Researchers find loophole in TikTok’s political advertising ban
Political groups are exploiting a loophole in TikTok’s advertising guidelines to promote their interests without a trace, according to a new study by the Mozilla Foundation on Thursday.
Although the short video app has claimed not to allow political advertising on its platform, organizations have circumvented the ban by channeling money to influential users.
The nonprofit group analyzed a number of political TikToks and identified several of influencers with ties to organizations that are neither publicly nor internally identified as advertisements.
Political organizations have taken advantage of this apparent lack of oversight by paying already popular users to distribute their ads to unsuspecting users.

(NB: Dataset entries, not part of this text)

lemma finite_monomials_deg: "finite (monomials_deg m :: ('n::finite \<Rightarrow> nat) set)"
proof -
  have "e i \<le> m" if "e \<in> monomials_deg m" for e :: "'n \<Rightarrow> nat" and i
    using that member_le_sum[of i UNIV e] unfolding monomials_deg_def by simp
  then have "monomials_deg m \<subseteq> Pi\<^sub>E UNIV (\<lambda>_::'n. {..m})"
    by (auto simp: PiE_UNIV_domain)
  moreover have "finite (Pi\<^sub>E UNIV (\<lambda>_::'n. {..m}))" by (intro finite_PiE) auto
  ultimately show ?thesis by (rule finite_subset)
qed

text \<open>Listing the exponents along an enumeration of the variables identifies monomials of
  degree m with the lists of length CARD('n) summing to m.\<close>

lemma card_monomials_deg:
  "card (monomials_deg m :: ('n::finite \<Rightarrow> nat) set) = (m + CARD('n) - 1) choose m"
proof -
  obtain g :: "nat \<Rightarrow> 'n" where g: "bij_betw g {0..<CARD('n)} UNIV"
    using ex_bij_betw_nat_finite[of "UNIV :: 'n set"] by auto
  define \<phi> where "\<phi> e = map (e \<circ> g) [0..<CARD('n)]" for e :: "'n \<Rightarrow> nat"
  have sum_list_\<phi>: "sum_list (\<phi> e) = sum e UNIV" for e
  proof -
    have "sum_list (\<phi> e) = (\<Sum>j\<in>{0..<CARD('n)}. e (g j))"
      unfolding \<phi>_def by (simp add: sum_list_sum_nth)
    also have "\<dots> = sum e UNIV" using sum.reindex_bij_betw[OF g, of e] by simp
    finally show ?thesis .
  qed
  have "bij_betw \<phi> (monomials_deg m) {l. length l = CARD('n) \<and> sum_list l = m}"
  proof (rule bij_betwI'[where f = \<phi>])
    fix x y :: "'n \<Rightarrow> nat"
    show "(\<phi> x = \<phi> y) = (x = y)"
    proof
      assume eq: "\<phi> x = \<phi> y"
      show "x = y"
      proof
        fix i
        obtain j where "j < CARD('n)" "i = g j" using g unfolding bij_betw_def by force
        moreover have "(\<phi> x) ! j = (\<phi> y) ! j" using eq by simp
        ultimately show "x i = y i" unfolding \<phi>_def by simp
      qed
    qed simp
  next
    fix x :: "'n \<Rightarrow> nat" assume "x \<in> monomials_deg m"
    then show "\<phi> x \<in> {l. length l = CARD('n) \<and> sum_list l = m}"
      by (simp add: sum_list_\<phi> monomials_deg_def) (simp add: \<phi>_def)
  next
    fix l assume l: "l \<in> {l. length l = CARD('n) \<and> sum_list l = m}"
    define e where "e i = l ! (inv_into {0..<CARD('n)} g i)" for i
    have "\<phi> e = l" unfolding \<phi>_def e_def using l g
      by (auto intro!: nth_equalityI simp: bij_betw_inv_into_left)
    then show "\<exists>x\<in>monomials_deg m. l = \<phi> x" using l sum_list_\<phi>
      by (metis (mono_tags, lifting) mem_Collect_eq monomials_deg_def)
  qed
  then have "card (monomials_deg m :: ('n \<Rightarrow> nat) set) =
      card {l. length l = CARD('n) \<and> sum_list l = m}"
    by (rule bij_betw_same_card)
  also have "\<dots> = (m + CARD('n) - 1) choose m" by (rule card_length_sum_list)
  finally show ?thesis .
qed

lemma subspace_forms_deg: "coeff_vs.subspace (forms_deg m :: (('n::finite \<Rightarrow> nat) \<Rightarrow> 'k::field) set)"
  by (rule coeff_vs.subspaceI) (auto simp: forms_deg_def)

definition monomial_form :: "('n \<Rightarrow> nat) \<Rightarrow> ('n \<Rightarrow> nat) \<Rightarrow> 'k::field" where
  "monomial_form e = (\<lambda>e'. if e' = e then 1 else 0)"

lemma inj_monomial_form: "inj (monomial_form :: ('n \<Rightarrow> nat) \<Rightarrow> _ \<Rightarrow> 'k::field)"
  by (rule injI) (metis monomial_form_def zero_neq_one)

lemma card_monomial_forms:
  "card ((monomial_form :: ('n::finite \<Rightarrow> nat) \<Rightarrow> _ \<Rightarrow> 'k::field) ` monomials_deg m) = card (monomials_deg m :: ('n \<Rightarrow> nat) set)"
  by (rule card_image[OF inj_on_subset[OF inj_monomial_form subset_UNIV]])

lemma forms_deg_eq_span:
  "forms_deg m = coeff_vs.span ((monomial_form :: ('n::finite \<Rightarrow> nat) \<Rightarrow> _ \<Rightarrow> 'k::field) ` monomials_deg m)"
proof
  show "forms_deg m \<subseteq> coeff_vs.span ((monomial_form :: ('n \<Rightarrow> nat) \<Rightarrow> _ \<Rightarrow> 'k) ` monomials_deg m)"
  proof
    fix F :: "('n \<Rightarrow> nat) \<Rightarrow> 'k" assume F: "F \<in> forms_deg m"
    have "F = (\<Sum>e\<in>monomials_deg m. (\<lambda>x. F e * monomial_form e x))"
    proof
      fix x
      have "(\<Sum>e\<in>monomials_deg m. (\<lambda>x. F e * monomial_form e x)) x =
          (if x \<in> monomials_deg m then F x else 0)"
        by (simp add: sum_fun_apply monomial_form_def finite_monomials_deg if_distrib cong: if_cong)
      also have "\<dots> = F x" using F by (auto simp: forms_deg_def)
      finally show "F x = (\<Sum>e\<in>monomials_deg m. (\<lambda>x. F e * monomial_form e x)) x" by simp
    qed
    also have "\<dots> \<in> coeff_vs.span (monomial_form ` monomials_deg m)"
      by (intro coeff_vs.span_sum coeff_vs.span_scale coeff_vs.span_base) auto
    finally show "F \<in> coeff_vs.span (monomial_form ` monomials_deg m)" .
  qed
  show "coeff_vs.span ((monomial_form :: ('n \<Rightarrow> nat) \<Rightarrow> _ \<Rightarrow> 'k) ` monomials_deg m) \<subseteq> forms_deg m"
    by (rule coeff_vs.span_minimal[OF _ subspace_forms_deg])
      (auto simp: forms_deg_def monomial_form_def)
qed

lemma independent_monomial_forms:
  "coeff_vs.independent ((monomial_form :: ('n::finite \<Rightarrow> nat) \<Rightarrow> _ \<Rightarrow> 'k::field) ` monomials_deg m)"
proof (rule coeff_vs.independent_if_scalars_zero)
  show "finite ((monomial_form :: ('n \<Rightarrow> nat) \<Rightarrow> _ \<Rightarrow> 'k) ` monomials_deg m)"
    by (simp add: finite_monomials_deg)
  fix f :: "(('n \<Rightarrow> nat) \<Rightarrow> 'k) \<Rightarrow> 'k" and x :: "('n \<Rightarrow> nat) \<Rightarrow> 'k"
  assume eq: "(\<Sum>x\<in>monomial_form ` monomials_deg m. (\<lambda>y. f x * x y)) = 0"
    and x: "x \<in> monomial_form ` monomials_deg m"
  then obtain e where e: "x = monomial_form e" "e \<in> monomials_deg m" by auto
  have "0 = (\<Sum>x\<in>monomial_form ` monomials_deg m. (\<lambda>y. f x * x y)) e"
    using eq by simp
  also have "\<dots> = (\<Sum>e'\<in>monomials_deg m. f (monomial_form e') * monomial_form e' e)"
    by (simp add: sum_fun_apply sum.reindex[OF inj_on_subset[OF inj_monomial_form]])
  also have "\<dots> = f (monomial_form e)"
    using e by (simp add: monomial_form_def finite_monomials_deg if_distrib cong: if_cong)
  finally show "f x = 0" using e by simp
qed

lemma dim_forms_deg:
  "coeff_vs.dim (forms_deg m :: (('n::finite \<Rightarrow> nat) \<Rightarrow> 'k::field) set) = card (monomials_deg m :: ('n \<Rightarrow> nat) set)"
  by (metis coeff_vs.dim_span_eq_card_independent independent_monomial_forms
      forms_deg_eq_span card_monomial_forms)

lemma eval_form_add: "eval_form m (F + G) p = eval_form m F p + eval_form m G p"
  by (simp add: eval_form_def sum.distrib algebra_simps)

lemma eval_form_scale: "eval_form m (\<lambda>x. a * F x) p = a * eval_form m F p"
  by (simp add: eval_form_def sum_distrib_left algebra_simps)

lemma eval_form_zero: "eval_form m 0 p = 0"
  by (simp add: eval_form_def)

lemma eval_form_diff: "eval_form m (F - G) p = eval_form m F p - eval_form m G p"
  by (simp add: eval_form_def sum_subtractf algebra_simps)

lemma eval_form_span_eq_0:
  assumes "\<forall>G\<in>A. eval_form m G p = 0" and "F \<in> coeff_vs.span A"
  shows "eval_form m F p = 0"
proof -
  have "coeff_vs.subspace {F. eval_form m F p = 0}"
    by (rule coeff_vs.subspaceI) (auto simp: eval_form_add eval_form_scale eval_form_zero)
  then show ?thesis using coeff_vs.span_minimal[of A "{F. eval_form m F p = 0}"] assms by auto
qed

section \<open>Triangular systems\<close>

text \<open>The length of a triangular system bounds from below the rank of the evaluation of
  degree-m forms at its points.\<close>

fun triangular :: "nat \<Rightarrow> (('k::field ^ 'n::finite) \<times> (('n \<Rightarrow> nat) \<Rightarrow> 'k)) list \<Rightarrow> bool" where
  "triangular m [] = True"
| "triangular m ((p, F) # xs) \<longleftrightarrow> triangular m xs \<and> F \<in> forms_deg m \<and> eval_form m F p \<noteq> 0 \<and>
     (\<forall>q\<in>fst ` set xs. eval_form m F q = 0)"

lemma triangular_forms_deg: "triangular m xs \<Longrightarrow> snd ` set xs \<subseteq> forms_deg m"
  by (induction xs rule: triangular.induct) auto

lemma triangular_distinct: "triangular m xs \<Longrightarrow> distinct (map fst xs)"
  by (induction xs rule: triangular.induct) force+

lemma triangular_append:
  "triangular m ys \<Longrightarrow> triangular m xs \<Longrightarrow> \<forall>F\<in>snd ` set ys. \<forall>q\<in>fst ` set xs. eval_form m F q = 0 \<Longrightarrow>
    triangular m (ys @ xs)"
  by (induction ys rule: triangular.induct) auto

lemma triangular_map_diagonal:
  assumes "distinct l"
    and "\<forall>b\<in>set l. F b \<in> forms_deg m \<and> eval_form m (F b) b \<noteq> 0 \<and>
      (\<forall>b'\<in>set l. b' \<noteq> b \<longrightarrow> eval_form m (F b) b' = 0)"
  shows "triangular m (map (\<lambda>b. (b, F b)) l)"
  using assms by (induction l) (auto simp: image_image)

“None of this was really revealed,” Becca Ricks, a Mozilla researcher, told The Hill. “Nor did it appear that TikTok was doing its own kind of self-monitoring and self-assessment of the platform.”
Mozilla’s report uncovered several users who have formal links with conservative organizations Turning Point USA (TPUSA), Prague University, and Today is America, which post political messages with no details on their connections.

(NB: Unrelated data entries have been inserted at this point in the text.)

lemma GL_subset_elementary_products: "(GL_set :: ('r^'n::finite^'n) set) \<subseteq> elementary_products"
proof
  fix g :: "'r^'n^'n" assume "g \<in> GL_set"
  then show "g \<in> elementary_products"
  proof (induction "card {k. \<not> std_column g k}" arbitrary: g rule: less_induct)
    case less
    show ?case
    proof (cases "\<forall>j. std_column g j")
      case True
      then have "g = mat 1" using mat_one_iff_std_columns by blast
      then show ?thesis using elementary_products.one by simp
    next
      case False
      then obtain j where j: "\<not> std_column g j" by blast
      obtain g' :: "'r^'n^'n" where g': "g' \<in> GL_set" "g' \<in> elementary_products \<longrightarrow> g \<in> elementary_products"
        "std_column g' j" "\<forall>k. std_column g k \<longrightarrow> std_column g' k"
        using reduce_column[OF less.prems j] by blast
      have "{k. \<not> std_column g' k} \<subset> {k. \<not> std_column g k}" using g'(3,4) j by auto
      then have "card {k. \<not> std_column g' k} < card {k. \<not> std_column g k}"
        by (rule psubset_card_mono[OF finite])
      then show ?thesis using less.hyps g' by blast
    qed
  qed
qed

end

section \<open>Restricted power series with some variables frozen\<close>

lemma mon_eval_reindex:
  assumes "finite {v. \<alpha> v \<noteq> 0}" "inj h"
  shows "mon_eval \<alpha> a = mon_eval (\<alpha> \<circ> h) (a \<circ> h) * (\<Prod>v\<in>{v. \<alpha> v \<noteq> 0} - range h. a v ^ \<alpha> v)"
proof -
  let ?S = "{v. \<alpha> v \<noteq> 0}"
  have "mon_eval \<alpha> a = (\<Prod>v\<in>?S \<inter> range h. a v ^ \<alpha> v) * (\<Prod>v\<in>?S - range h. a v ^ \<alpha> v)"
    unfolding mon_eval_def by (rule prod.Int_Diff[OF assms(1)])
  also have "?S \<inter> range h = h ` {w. (\<alpha> \<circ> h) w \<noteq> 0}" by auto
  also have "(\<Prod>v\<in>h ` {w. (\<alpha> \<circ> h) w \<noteq> 0}. a v ^ \<alpha> v) = mon_eval (\<alpha> \<circ> h) (a \<circ> h)"
    unfolding mon_eval_def using assms(2) by (subst prod.reindex) (auto intro: inj_on_subset)
  finally show ?thesis .
qed

text \<open>The coefficients of \<open>frozen_series\<close> are \<open>p\<close>-adic limits, because once the variables outside
  the range of \<open>h\<close> are fixed to \<open>a\<^sub>0\<close>, infinitely many monomials of \<open>c\<close> may collapse onto one.\<close>

locale rps_freeze = delta_ring p \<phi> for p :: nat and \<phi> :: "'r::idom \<Rightarrow> 'r" +
  fixes V :: "'v set" and c :: "('v \<Rightarrow> nat) \<Rightarrow> 'r" and h :: "'w \<Rightarrow> 'v" and a\<^sub>0 :: "'v \<Rightarrow> 'r"
  assumes rps: "rps p V c" and inj: "inj h"
begin

definition truncated_coeff :: "nat \<Rightarrow> ('w \<Rightarrow> nat) \<Rightarrow> 'r" where
  "truncated_coeff k \<beta> = (\<Sum>\<alpha>\<in>{\<alpha>. \<not> \<pi> ^ k dvd c \<alpha> \<and> \<alpha> \<circ> h = \<beta>}.
     c \<alpha> * (\<Prod>v\<in>{v. \<alpha> v \<noteq> 0} - range h. a\<^sub>0 v ^ \<alpha> v))"

definition frozen_series :: "('w \<Rightarrow> nat) \<Rightarrow> 'r" where
  "frozen_series \<beta> = (SOME L. \<forall>k. \<pi> ^ k dvd (truncated_coeff k \<beta> - L))"

lemma finite_nondivisible_coeffs: "finite {\<alpha>. \<not> \<pi> ^ k dvd c \<alpha>}"
  using rps unfolding rps_def by blast

lemma truncated_coeff_cauchy:
  assumes "k \<le> k'"
  shows "\<pi> ^ k dvd (truncated_coeff k' \<beta> - truncated_coeff k \<beta>)"
proof -
  let ?A = "\<lambda>k. {\<alpha>. \<not> \<pi> ^ k dvd c \<alpha> \<and> \<alpha> \<circ> h = \<beta>}"
  have sub: "?A k \<subseteq> ?A k'"
  proof
    fix \<alpha> assume "\<alpha> \<in> ?A k"
    then show "\<alpha> \<in> ?A k'" using dvd_trans[OF le_imp_power_dvd[OF assms]] by auto
  qed
  have fin: "finite (?A k')"
    using finite_nondivisible_coeffs[of k'] by (rule finite_subset[rotated]) auto
  have "truncated_coeff k' \<beta> - truncated_coeff k \<beta>
      = (\<Sum>\<alpha>\<in>?A k' - ?A k. c \<alpha> * (\<Prod>v\<in>{v. \<alpha> v \<noteq> 0} - range h. a\<^sub>0 v ^ \<alpha> v))"
    unfolding truncated_coeff_def using sum.subset_diff[OF sub fin] by (simp add: algebra_simps)
  also have "\<pi> ^ k dvd \<dots>" by (intro dvd_sum) auto
  finally show ?thesis .
qed

lemma frozen_series_approx: "\<pi> ^ k dvd (truncated_coeff k \<beta> - frozen_series \<beta>)"
proof -
  have "\<exists>L. \<forall>k. \<pi> ^ k dvd (truncated_coeff k \<beta> - L)"
    by (rule limit_exists) (rule truncated_coeff_cauchy)
  then show ?thesis unfolding frozen_series_def by (rule someI_ex[THEN spec])
qed

lemma frozen_series_support:
  assumes "\<not> \<pi> ^ k dvd frozen_series \<beta>"
  shows "\<exists>\<alpha>. \<not> \<pi> ^ k dvd c \<alpha> \<and> \<alpha> \<circ> h = \<beta>"
proof (rule ccontr)
  assume "\<nexists>\<alpha>. \<not> \<pi> ^ k dvd c \<alpha> \<and> \<alpha> \<circ> h = \<beta>"
  then have "{\<alpha>. \<not> \<pi> ^ k dvd c \<alpha> \<and> \<alpha> \<circ> h = \<beta>} = {}" by blast
  then have "truncated_coeff k \<beta> = 0" unfolding truncated_coeff_def by (simp only: sum.empty)
  then show False using frozen_series_approx[of k \<beta>] assms by simp
qed

lemma rps_frozen_series: "rps p (h -` V) frozen_series"
  unfolding rps_def
proof (intro conjI allI impI)
  fix \<beta> assume "frozen_series \<beta> \<noteq> 0"
  then obtain k where "\<not> \<pi> ^ k dvd frozen_series \<beta>" using zero_if_dvd_all_powers by blast
  then obtain \<alpha> where \<alpha>: "\<not> \<pi> ^ k dvd c \<alpha>" "\<beta> = \<alpha> \<circ> h" using frozen_series_support by blast
  then have "c \<alpha> \<noteq> 0" by auto
  then have fin: "finite {v. \<alpha> v \<noteq> 0}" and sub: "{v. \<alpha> v \<noteq> 0} \<subseteq> V"
    using rps unfolding rps_def by blast+
  have supp: "{w. \<beta> w \<noteq> 0} = h -` {v. \<alpha> v \<noteq> 0}" using \<alpha>(2) by auto
  show "finite {w. \<beta> w \<noteq> 0}" unfolding supp using fin inj by (rule finite_vimageI)
  show "{w. \<beta> w \<noteq> 0} \<subseteq> h -` V" unfolding supp using sub by blast
next
  fix k
  have "{\<beta>. \<not> \<pi> ^ k dvd frozen_series \<beta>} \<subseteq> (\<lambda>\<alpha>. \<alpha> \<circ> h) ` {\<alpha>. \<not> \<pi> ^ k dvd c \<alpha>}"
    using frozen_series_support by blast
  then show "finite {\<beta>. \<not> \<pi> ^ k dvd frozen_series \<beta>}"
    using finite_nondivisible_coeffs finite_subset by blast
qed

TPUSA, the group founded by Charlie Kirk that focuses on high school and college students, appears to have flown several content creators to Florida last year for an event where several of them posted videos without clearing see if they received financial compensation.
The report also refers to two previously public examples of liberal groups exploiting the same loophole.
The BBC reported that Bigtent Creative agency, which receives part of the funding from democratic political organizations, was paying influencers in the run-up to the 2020 US election to shoot videos that didn’t disclose that funding. TikTok removed these videos after being contacted by the news agency.
A Reuters research in 2020 found that The 99 Problems, a left-wing PAC, paid eight users to create content in support of the then-presidential candidate Joe BidenJoe BidenMcConnell: Rounds Told the Truth About the 2020 Election Abrams thanks Biden for speaking in Georgia and supports call for Senate health care rules to be changed overnight – Biden officials get hot at the Senate hearing (D) that did not contain any disclaimers such as #ad or #sponsored. Mozilla also found organization-funded jobs in the run-up to the general.
A spokesman for TikTok, which requires users to indicate whether content has been paid for, told The Hill that the platform continues to “invest in people and technology to rigorously enforce its ban on political advertising.”
“As we develop our approach, we value feedback from experts, including researchers from the Mozilla Foundation, and look forward to ongoing dialogue as we work to develop fair guidelines and tools that promote transparency, accountability and creativity,” they added .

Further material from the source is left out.